• **Instructions for the task**:
Check every line below for the word "definition" and show those that hold it.

┌─ The data

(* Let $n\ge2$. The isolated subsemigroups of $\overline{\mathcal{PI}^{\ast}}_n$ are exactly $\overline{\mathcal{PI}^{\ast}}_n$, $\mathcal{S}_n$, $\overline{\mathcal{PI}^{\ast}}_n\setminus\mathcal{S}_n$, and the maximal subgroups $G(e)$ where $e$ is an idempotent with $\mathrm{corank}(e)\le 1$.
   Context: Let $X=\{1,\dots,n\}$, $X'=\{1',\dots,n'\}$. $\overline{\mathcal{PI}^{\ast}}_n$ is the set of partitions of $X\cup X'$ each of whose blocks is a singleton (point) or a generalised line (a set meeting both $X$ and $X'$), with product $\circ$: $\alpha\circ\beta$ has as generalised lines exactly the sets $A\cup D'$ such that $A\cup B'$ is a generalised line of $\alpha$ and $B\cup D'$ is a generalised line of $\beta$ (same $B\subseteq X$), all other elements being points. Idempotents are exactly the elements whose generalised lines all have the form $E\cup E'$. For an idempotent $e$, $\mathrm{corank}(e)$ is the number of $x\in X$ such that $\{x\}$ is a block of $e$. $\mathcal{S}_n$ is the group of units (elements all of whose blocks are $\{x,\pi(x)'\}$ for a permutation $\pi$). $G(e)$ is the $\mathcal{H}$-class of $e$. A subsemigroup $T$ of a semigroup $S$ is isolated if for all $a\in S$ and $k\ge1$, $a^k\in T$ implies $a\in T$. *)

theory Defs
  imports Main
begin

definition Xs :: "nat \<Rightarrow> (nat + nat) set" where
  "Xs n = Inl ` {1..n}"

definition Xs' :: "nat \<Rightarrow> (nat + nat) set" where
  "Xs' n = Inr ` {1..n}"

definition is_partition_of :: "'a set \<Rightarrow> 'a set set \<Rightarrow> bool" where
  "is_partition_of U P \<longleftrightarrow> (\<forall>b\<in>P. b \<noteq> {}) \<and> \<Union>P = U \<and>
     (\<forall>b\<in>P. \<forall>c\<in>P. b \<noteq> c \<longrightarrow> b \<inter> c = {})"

└─

• **Response to the task**:
definition Xs :: "nat \<Rightarrow> (nat + nat) set" where
definition Xs' :: "nat \<Rightarrow> (nat + nat) set" where
definition is_partition_of :: "'a set \<Rightarrow> 'a set set \<Rightarrow> bool" where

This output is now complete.